The female children were then placed in Children’s Center. The suit alleges that a Children’s Center supervisor told Brent and his wife in the presence of the children, “If you loved your children you would accept the plea deal.”
That deal, offered by State Assistant Attorney General Linda Hendren, involved the parents pleading guilty to neglect allegations in return for regaining custody of their children. The supervisor also cut the father’s phone contact with his daughter’s off at the same time.

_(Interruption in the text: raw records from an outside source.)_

lemma aw_rep_img_Sig:
  assumes "q \<noteq> 0" and "q - inverse q \<noteq> 0" and "wedge n1 n2 = 1"
  shows "(\<lambda>g. free_eval scalar_op (aw_rep q n1 n2) (img q Sig g)) = aw_rep q n2 (- n1)"
proof
  fix g
  have "scalar_op (inverse (q - inverse q)) * scalar_op (q - inverse q) = (1 :: 'a linop)"
    using assms(2) by (simp flip: scalar_op.mult add: scalar_op.one)
  then have "- weyl_sym q (n1 + n2) + scalar_op (inverse (q - inverse q)) *
      (weyl_sym q n1 * weyl_sym q n2 - weyl_sym q n2 * weyl_sym q n1) = - weyl_sym q (n1 - n2)"
    by (simp add: weyl_sym_commutator[OF assms(1,3)] mult.assoc[symmetric] algebra_simps)
  then show "free_eval scalar_op (aw_rep q n1 n2) (img q Sig g) = aw_rep q n2 (- n1) g"
    by (cases g) (simp_all add: aw_rep_def scalar_op.free_eval_add scalar_op.free_eval_diff
        scalar_op.free_eval_mult weyl_sym_diff_commute[of q n2])
qed

lemma linop_apply_weyl_sym_delta:
  "linop_apply (weyl_sym q v) (\<lambda>u. if u = 0 then 1 else 0) u
    = (if u = v then 1 else 0) + (if u = - v then 1 else 0)"
proof -
  have "linop_apply (weyl_op q v') (\<lambda>u. if u = 0 then 1 else 0) u = (if u = v' then 1 else 0)" for v'
    by (cases "u = v'") (simp_all add: weyl_op.rep_eq wedge_def)
  then show ?thesis
    by (simp add: weyl_sym_def linop_apply_simps)
qed

lemma weyl_sym_eq_imp:
  assumes "weyl_sym q n = weyl_sym q m"
  shows "n = m \<or> n = - m"
proof (rule ccontr)
  assume neq: "\<not> (n = m \<or> n = - m)"
  define \<delta> :: "int \<times> int \<Rightarrow> 'a" where "\<delta> u = (if u = 0 then 1 else 0)" for u
  have nonzero: "v \<noteq> 0 \<Longrightarrow> v \<noteq> - v" for v :: "int \<times> int"
    by (cases v) (auto simp: zero_prod_def)
  have "linop_apply (weyl_sym q n) \<delta> u = linop_apply (weyl_sym q m) \<delta> u" for u
    using assms by simp
  then have "(if u = n then 1 else 0) + (if u = - n then 1 else 0)
      = (if u = m then 1 else (0 :: 'a)) + (if u = - m then 1 else 0)" for u
    unfolding \<delta>_def linop_apply_weyl_sym_delta .
  from this[of m] this[of n] neq nonzero[of m] nonzero[of n] show False
    by (cases "m = 0") (auto split: if_splits)
qed

fun gen_map :: "psl_gen \<Rightarrow> int \<times> int \<Rightarrow> int \<times> int" where
  "gen_map Rho (x, y) = (- y, x - y)"
| "gen_map Sig (x, y) = (- y, x)"

fun word_map :: "psl_gen list \<Rightarrow> int \<times> int \<Rightarrow> int \<times> int" where
  "word_map [] v = v"
| "word_map (g # w) v = gen_map g (word_map w v)"

lemma word_map_append: "word_map (u @ w) v = word_map u (word_map w v)"
  by (induction u) auto

lemma gen_map_Rho_cube [simp]: "gen_map Rho (gen_map Rho (gen_map Rho v)) = v"
  and gen_map_Sig_square [simp]: "gen_map Sig (gen_map Sig v) = - v"
  by (cases v; simp)+

lemma word_map_add: "word_map w (v + v') = word_map w v + word_map w v'"
proof (induction w)
  case (Cons g w)
  then show ?case
    by (cases g; cases "word_map w v"; cases "word_map w v'") auto
qed simp

lemma word_map_uminus: "word_map w (- v) = - word_map w v"
proof (induction w)
  case (Cons g w)
  then show ?case
    by (cases g; cases "word_map w v") auto
qed simp

lemma word_map_diff: "word_map w (v - v') = word_map w v - word_map w v'"
  using word_map_add[of w v "- v'"] by (simp add: word_map_uminus)

lemma wedge_word_map: "wedge (word_map w v) (word_map w v') = wedge v v'"
proof (induction w)
  case (Cons g w)
  then show ?case
    by (cases g; cases "word_map w v"; cases "word_map w v'") (auto simp: wedge_def algebra_simps)
qed simp

lemma act_append: "act q (u @ w) x = act q u (act q w x)"
  by (induction u) auto

lemma free_eval_aw_rep_act:
  assumes "q \<noteq> 0" and "q - inverse q \<noteq> 0"
  shows "free_eval scalar_op (aw_rep q (1, 0) (0, 1)) (act q w x)
    = free_eval scalar_op (aw_rep q (word_map w (1, 0)) (word_map w (0, 1))) x"
proof (induction w arbitrary: x rule: rev_induct)
  case (snoc g w)
  let ?n1 = "word_map w (1, 0)" and ?n2 = "word_map w (0, 1)"
  have "wedge ?n1 ?n2 = 1"
    unfolding wedge_word_map by (simp add: wedge_def)
  moreover have "word_map w (-1, -1) = - (?n1 + ?n2)" "word_map w (-1, 0) = - ?n1"
    using word_map_uminus[of w "(1, 1)"] word_map_add[of w "(1, 0)" "(0, 1)"]
      word_map_uminus[of w "(1, 0)"] by simp_all
  ultimately have "(\<lambda>h. free_eval scalar_op (aw_rep q ?n1 ?n2) (img q g h))
      = aw_rep q (word_map (w @ [g]) (1, 0)) (word_map (w @ [g]) (0, 1))"
    by (cases g) (simp_all add: aw_rep_img_Rho aw_rep_img_Sig[OF assms] word_map_append)
  with snoc show ?case
    by (simp add: act_append scalar_op.free_eval_subst)
qed simp

lemma aw_rep_eq_standard_imp:
  assumes "aw_rep q n1 n2 = aw_rep q (1, 0) (0, 1)"
  obtains s where "\<bar>s\<bar> = 1" and "n1 = (s, 0)" and "n2 = (0, s)"
proof -
  have "weyl_sym q n1 = weyl_sym q (1, 0)" "weyl_sym q n2 = weyl_sym q (0, 1)"
    "weyl_sym q (n1 + n2) = weyl_sym q (1, 1)"
    using fun_cong[OF assms, of GA] fun_cong[OF assms, of GB] fun_cong[OF assms, of GC]
    by (simp_all add: aw_rep_def)
  then have "n1 = (1, 0) \<or> n1 = (-1, 0)" "n2 = (0, 1) \<or> n2 = (0, -1)"
    "n1 + n2 = (1, 1) \<or> n1 + n2 = (-1, -1)"
    by (auto dest!: weyl_sym_eq_imp)
  then show ?thesis
    using that[of 1] that[of "-1"] by auto
qed

definition reduced :: "psl_gen list \<Rightarrow> bool" where
  "reduced w \<longleftrightarrow> \<not> (\<exists>u r v. r \<in> {[Rho, Rho, Rho], [Sig, Sig]} \<and> w = u @ r @ v)"

lemma reduced_infix: "reduced (u @ w @ v) \<Longrightarrow> reduced w"
  unfolding reduced_def by (metis append.assoc)

lemma not_reduced_Sig_Sig [simp]: "\<not> reduced (Sig # Sig # w)"
  and not_reduced_Rho_Rho_Rho [simp]: "\<not> reduced (Rho # Rho # Rho # w)"
  unfolding reduced_def by (metis append_Cons append_Nil insert_iff)+

text \<open>Ping-pong zones: where a reduced word ending in Rho sends a vector of negative slope,
  according to how the word begins.\<close>
fun pp_zone :: "psl_gen list \<Rightarrow> (int \<times> int) set" where
  "pp_zone [] = {v. fst v * snd v < 0}"
| "pp_zone (Sig # w) = {v. fst v * snd v < 0 \<and> \<bar>fst v\<bar> \<noteq> \<bar>snd v\<bar>}"
| "pp_zone (Rho # Rho # w) = {v. 0 < fst v * snd v \<and> \<bar>snd v\<bar> < \<bar>fst v\<bar>}"
| "pp_zone (Rho # w) = {v. 0 < fst v * snd v \<and> \<bar>fst v\<bar> < \<bar>snd v\<bar>}"

lemma pp_zone_off_diagonal: "w \<noteq> [] \<Longrightarrow> v \<in> pp_zone w \<Longrightarrow> \<bar>fst v\<bar> \<noteq> \<bar>snd v\<bar>"
  by (induction w rule: pp_zone.induct) auto

lemma word_map_pp_zone:
  assumes "reduced w" and "w \<noteq> [] \<Longrightarrow> last w = Rho" and "fst v * snd v < 0"
  shows "word_map w v \<in> pp_zone w"
  using assms
proof (induction w)
  case (Cons g w)
  have IH: "word_map w v \<in> pp_zone w"
    using Cons reduced_infix[of "[g]" w "[]"] by (auto split: if_splits)
  show ?case
  proof (cases g)
    case Rho
    then show ?thesis using IH Cons.prems(1)
      by (cases w rule: pp_zone.cases; cases "word_map w v")
        (auto simp: zero_less_mult_iff mult_less_0_iff abs_if)
  next
    case Sig
    then show ?thesis using IH Cons.prems
      by (cases w rule: pp_zone.cases; cases "word_map w v")
        (auto simp: zero_less_mult_iff mult_less_0_iff)
  qed
qed simp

The parents were allowed no visitation time with their children pending trial, which began on May 10, 2010 in front of Judge Judy Hartsfield. Hartsfield recently received the ‘Friend of Children’ Award From Lutheran Child & Family Service of Michigan, another DHS beneficiary.
Finally, on June 6, 2010, after numerous irregularities at trial claimed by Brent in the lawsuit, all five children were returned to their parents.

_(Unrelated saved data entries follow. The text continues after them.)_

lemma closed_subspace_convergent_functionals:
  fixes x :: "nat \<Rightarrow> 'a::real_normed_vector"
  assumes "bounded (range x)"
  defines "Z \<equiv> {g::'a \<Rightarrow>\<^sub>L real. convergent (\<lambda>n. blinfun_apply g (x n))}"
  shows "subspace Z" and "closed Z"
proof -
  show "subspace Z"
    unfolding subspace_def Z_def
    by (auto simp: plus_blinfun.rep_eq scaleR_blinfun.rep_eq convergent_add convergent_mult_const_iff
        intro!: convergent_const convergent_mult)
  obtain B where B: "B > 0" "\<And>n. norm (x n) \<le> B" using assms unfolding bounded_pos by auto
  have close: "\<bar>blinfun_apply g (x n) - blinfun_apply h (x n)\<bar> \<le> dist g h * B" for g h n
  proof -
    have "\<bar>blinfun_apply g (x n) - blinfun_apply h (x n)\<bar> = \<bar>blinfun_apply (g - h) (x n)\<bar>"
      by (simp add: minus_blinfun.rep_eq)
    also have "\<dots> \<le> norm (g - h) * norm (x n)" using norm_blinfun[of "g - h" "x n"] by simp
    also have "\<dots> \<le> dist g h * B" using B by (simp add: dist_norm mult_left_mono)
    finally show ?thesis .
  qed
  have "g \<in> Z" if approx: "\<forall>\<epsilon>>0. \<exists>h\<in>Z. dist h g < \<epsilon>" for g
  proof -
    have "Cauchy (\<lambda>n. blinfun_apply g (x n))"
    proof (rule metric_CauchyI)
      fix \<epsilon> :: real assume \<epsilon>: "\<epsilon> > 0"
      then have "\<epsilon> / (3 * B) > 0" using B by simp
      then obtain h where h: "h \<in> Z" "dist h g < \<epsilon> / (3 * B)" using approx by blast
      then obtain N where N: "\<And>m n. m \<ge> N \<Longrightarrow> n \<ge> N \<Longrightarrow>
          dist (blinfun_apply h (x m)) (blinfun_apply h (x n)) < \<epsilon> / 3"
        using metric_CauchyD[of "\<lambda>n. blinfun_apply h (x n)" "\<epsilon> / 3"] \<epsilon>
        unfolding Z_def by (auto simp: convergent_Cauchy)
      have gh: "\<bar>blinfun_apply g (x n) - blinfun_apply h (x n)\<bar> < \<epsilon> / 3" for n
      proof -
        have "dist g h * B < \<epsilon> / (3 * B) * B"
          using h B by (intro mult_strict_right_mono) (simp_all add: dist_commute)
        then show ?thesis using close[where g=g and h=h and n=n] B by simp
      qed
      show "\<exists>N. \<forall>m\<ge>N. \<forall>n\<ge>N. dist (blinfun_apply g (x m)) (blinfun_apply g (x n)) < \<epsilon>"
      proof (intro exI allI impI)
        fix m n assume "N \<le> m" "N \<le> n"
        from N[OF this] gh[of m] gh[of n]
        show "dist (blinfun_apply g (x m)) (blinfun_apply g (x n)) < \<epsilon>"
          unfolding dist_real_def by linarith
      qed
    qed
    then show ?thesis unfolding Z_def by (simp add: Cauchy_convergent_iff)
  qed
  then have "closure Z \<subseteq> Z" by (auto simp: closure_approachable)
  then show "closed Z" by (simp add: closure_subset_eq)
qed

lemma norming_functionals_of_dense_sequence_total:
  fixes e :: "nat \<Rightarrow> 'a::real_normed_vector" and f :: "nat \<Rightarrow> ('a \<Rightarrow>\<^sub>L real)"
  assumes dense: "closure (range e) = UNIV"
    and norming: "\<And>k. norm (f k) \<le> 1" "\<And>k. blinfun_apply (f k) (e k) = norm (e k)"
    and vanish: "\<And>k. blinfun_apply (f k) w = 0"
  shows "w = 0"
proof -
  have small: "norm w \<le> 2 * \<epsilon>" if "\<epsilon> > 0" for \<epsilon>
  proof -
    have "w \<in> closure (range e)" using dense by simp
    then obtain k where k: "dist (e k) w < \<epsilon>"
      using \<open>\<epsilon> > 0\<close> unfolding closure_approachable by blast
    have "norm (e k) = blinfun_apply (f k) (e k - w)"
      using norming vanish by (simp add: blinfun.diff_right)
    also have "\<dots> \<le> norm (f k) * norm (e k - w)" using norm_blinfun[of "f k" "e k - w"] by simp
    also have "\<dots> \<le> norm (e k - w)" using norming(1)[of k] by (simp add: mult_left_le_one_le)
    finally have "norm (e k) < \<epsilon>" using k by (simp add: dist_norm)
    then show ?thesis
      using k norm_triangle_ineq[of "e k" "w - e k"] by (simp add: dist_norm norm_minus_commute)
  qed
  have "norm w \<le> 0 + \<epsilon>" if "\<epsilon> > 0" for \<epsilon> using small[of "\<epsilon> / 2"] that by simp
  then have "norm w \<le> 0" by (rule field_le_epsilon)
  then show "w = 0" by simp
qed

lemma reflexive_total_closed_subspace_dual_eq_UNIV:
  fixes Z :: "('a::real_normed_vector \<Rightarrow>\<^sub>L real) set"
  assumes refl: "reflexive_space TYPE('a)" and Z: "subspace Z" "closed Z"
    and total: "\<And>w. (\<forall>g\<in>Z. blinfun_apply g w = 0) \<Longrightarrow> w = 0"
  shows "Z = UNIV"
proof (rule ccontr)
  assume "Z \<noteq> UNIV"
  then obtain g where "g \<notin> Z" by blast
  then have "infdist g Z > 0" using infdist_pos_not_in_closed[OF Z(2)] Z(1) subspace_0 by blast
  then obtain \<Phi> :: "('a \<Rightarrow>\<^sub>L real) \<Rightarrow>\<^sub>L real"
    where \<Phi>: "\<forall>h\<in>Z. \<Phi> h = 0" "\<Phi> g \<noteq> 0"
    using exists_functional_infdist_subspace[OF Z(1), of g] by force
  obtain w where w: "\<And>h. \<Phi> h = blinfun_apply h w" using refl unfolding reflexive_space_def by blast
  then have "w = 0" using \<Phi>(1) total by simp
  then show False using \<Phi>(2) w by simp
qed

lemma weakly_convergent_if_functionals_convergent:
  fixes x :: "nat \<Rightarrow> 'a::real_normed_vector"
  assumes refl: "reflexive_space TYPE('a)" and bd: "bounded (range x)"
    and conv: "\<And>g::'a \<Rightarrow>\<^sub>L real. convergent (\<lambda>n. blinfun_apply g (x n))"
  shows "\<exists>ub. weakly_converges_to x ub"
proof -
  obtain B where B: "\<And>n. norm (x n) \<le> B" using bd unfolding bounded_iff by auto
  define L where "L g = lim (\<lambda>n. blinfun_apply g (x n))" for g :: "'a \<Rightarrow>\<^sub>L real"
  have L: "(\<lambda>n. blinfun_apply g (x n)) \<longlonglongrightarrow> L g" for g
    using conv unfolding L_def by (simp add: convergent_LIMSEQ_iff)
  have "bounded_linear L"
  proof (rule bounded_linear_intro[where K=B])
    fix g h show "L (g + h) = L g + L h"
      using tendsto_add[OF L[of g] L[of h]] L[of "g + h"] by (simp add: plus_blinfun.rep_eq LIMSEQ_unique)
  next
    fix c :: real and g show "L (c *\<^sub>R g) = c *\<^sub>R L g"
      using tendsto_mult[OF tendsto_const[of c] L[of g]] L[of "c *\<^sub>R g"]
      by (simp add: scaleR_blinfun.rep_eq LIMSEQ_unique)
  next
    fix g
    have "\<bar>blinfun_apply g (x n)\<bar> \<le> norm g * B" for n
      using norm_blinfun[of g "x n"] B[of n] by (simp add: order_trans mult_left_mono)
    then show "norm (L g) \<le> norm g * B"
      using Lim_bounded[OF tendsto_rabs[OF L[of g]], of 0] by auto
  qed
  moreover obtain ub where "\<And>g. blinfun_apply (Blinfun L) g = blinfun_apply g ub"
    using refl unfolding reflexive_space_def by blast
  ultimately have "L g = blinfun_apply g ub" for g by (simp add: bounded_linear_Blinfun_apply)
  then have "weakly_converges_to x ub" using L unfolding weakly_converges_to_def by simp
  then show ?thesis by blast
qed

The numerous defendants in Brent’s lawsuit filed various motions for summary judgment and/or dismissal in July, after repeated requests for extensions on time to reply were granted by Judge Cook.
One brief explains the results of the jury trial and subsequent return of the children to their family home.

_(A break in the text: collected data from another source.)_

definition in_box :: "real \<Rightarrow> int ^ 'd \<Rightarrow> int ^ 'd \<Rightarrow> bool" where
  "in_box t c z \<longleftrightarrow> (\<forall>i. - t / 2 < real_of_int (z $ i - c $ i) \<and> real_of_int (z $ i - c $ i) \<le> t / 2)"

definition is_tiling :: "real \<Rightarrow> (nat \<Rightarrow> int ^ 'd) \<Rightarrow> bool" where
  "is_tiling t c \<longleftrightarrow> (\<forall>z. \<exists>!q. 1 \<le> q \<and> in_box t (c q) z)"

end

theory Submission
  imports Defs
begin

text \<open>
  The sup-distance never exceeds \<open>\<sigma>\<^sub>t\<close> (a walk moves by one lattice step at a time, and
  \<open>K \<ge> 1\<close>), so the sup-length of the optimal path is at most its cost
  \<open>T\<^sub>t(0,x) \<le> \<sigma>\<^sub>t(0,x) \<le> 4K max(t, \<parallel>x\<parallel>\<^sub>\<infinity>)\<close>. A path of length \<open>L\<close> is covered greedily by at
  most \<open>1 + L/t\<close> sup-balls of radius \<open>t\<close>, and each such ball meets at most \<open>7\<^sup>d\<close> boxes of the
  tiling: box centres meeting the ball lie within \<open>3t/2\<close> of its centre, and distinct
  centres differ by at least \<open>t/2\<close> in some coordinate. Hence \<open>C = 5 \<cdot> 7\<^sup>d\<close> works.
\<close>

lemma norm_inf_attained: "\<exists>i. norm_inf (v::int^'d) = real_of_int \<bar>v $ i\<bar>"
proof -
  have "Max (range (\<lambda>i. \<bar>v $ i\<bar>)) \<in> range (\<lambda>i. \<bar>v $ i\<bar>)"
    by (rule Max_in) auto
  then obtain i where "Max (range (\<lambda>i. \<bar>v $ i\<bar>)) = \<bar>v $ i\<bar>" by blast
  then show ?thesis unfolding norm_inf_def by (intro exI[of _ i]) simp
qed

lemma abs_component_le_norm_inf: "real_of_int \<bar>(v::int^'d) $ i\<bar> \<le> norm_inf v"
proof -
  have "\<bar>v $ i\<bar> \<le> Max (range (\<lambda>i. \<bar>v $ i\<bar>))" by (rule Max_ge) auto
  then show ?thesis unfolding norm_inf_def by linarith
qed

lemma norm_inf_nonneg: "0 \<le> norm_inf (v::int^'d)"
  by (metis norm_inf_attained abs_ge_zero of_int_0_le_iff)

lemma norm_inf_zero [simp]: "norm_inf (0::int^'d) = 0"
  unfolding norm_inf_def by simp

lemma norm_inf_minus [simp]: "norm_inf (- (v::int^'d)) = norm_inf v"
  unfolding norm_inf_def by simp

lemma norm_inf_minus_commute: "norm_inf ((a::int^'d) - b) = norm_inf (b - a)"
  by (metis minus_diff_eq norm_inf_minus)

lemma norm_inf_triangle: "norm_inf ((a::int^'d) - c) \<le> norm_inf (a - b) + norm_inf (b - c)"
proof -
  obtain i where i: "norm_inf (a - c) = real_of_int \<bar>(a - c) $ i\<bar>"
    using norm_inf_attained by blast
  have "\<bar>(a - c) $ i\<bar> \<le> \<bar>(a - b) $ i\<bar> + \<bar>(b - c) $ i\<bar>" by simp
  then show ?thesis
    using i abs_component_le_norm_inf[of "a - b" i] abs_component_le_norm_inf[of "b - c" i]
    by linarith
qed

“On May 11, 12, and 13 of 2010, a jury trial was held, and the jury determined that there were one or more statutory grounds for the Court to take jurisdiction over the Brent children based upon environmental neglect. The conditions of the Brent home were unsuitable, and it was also found that there was medical neglect of at least one of the children who was found to be suffering from lead poisoning and a severe speech impediment. Dispositional hearings regarding the placement of the Brent children were held on June 2, 2010, and the children were released to their parents, but remained under the supervision of DHS. On September 10, 2010, the jurisdiction of the Court was terminated. Plaintiff had improved the conditions of their home, had cooperated in receiving services provided, and the children’s needs were being met.”
The brief calls Brent’s lawsuit “an impermissible collateral attack on state court proceedings” and “nothing more than a vexatious action by a disgruntled litigant.”
It goes on to say, “First, the present situation is an example of why judges, referees, and social workers are afforded immunity from suit to protect them from becoming defendants in suits filed by disgruntled persons who are unhappy with the judicial process. The referees and judges who adjudicated the state court case are shielded by absolute immunity. Furthermore, the social workers who investigated the abuse and neglect complaints against Plaintiff and participated in the state court proceedings against the Plaintiff also enjoy immunity from suit for their alleged actions or inactions.”
Despite the last claim, U.S. District Court Judge John Corbett O’Meara recently held that claims of immunity for the CPS worker involved in the Thal and Julian Wendrow were not valid, and has allowed the case to proceed against her, although he granted immunity to prosecutors Deborah Carley and Richard Gorcyca.
A hearing on the motion for summary judgment by the defendants has been set for Tues. Sept. 20, 2011 at 9:30 AM before District Judge Julian Abele Cook, whose courtroom is in the Federal Building at 321 W. Lafayette in downtown Detroit.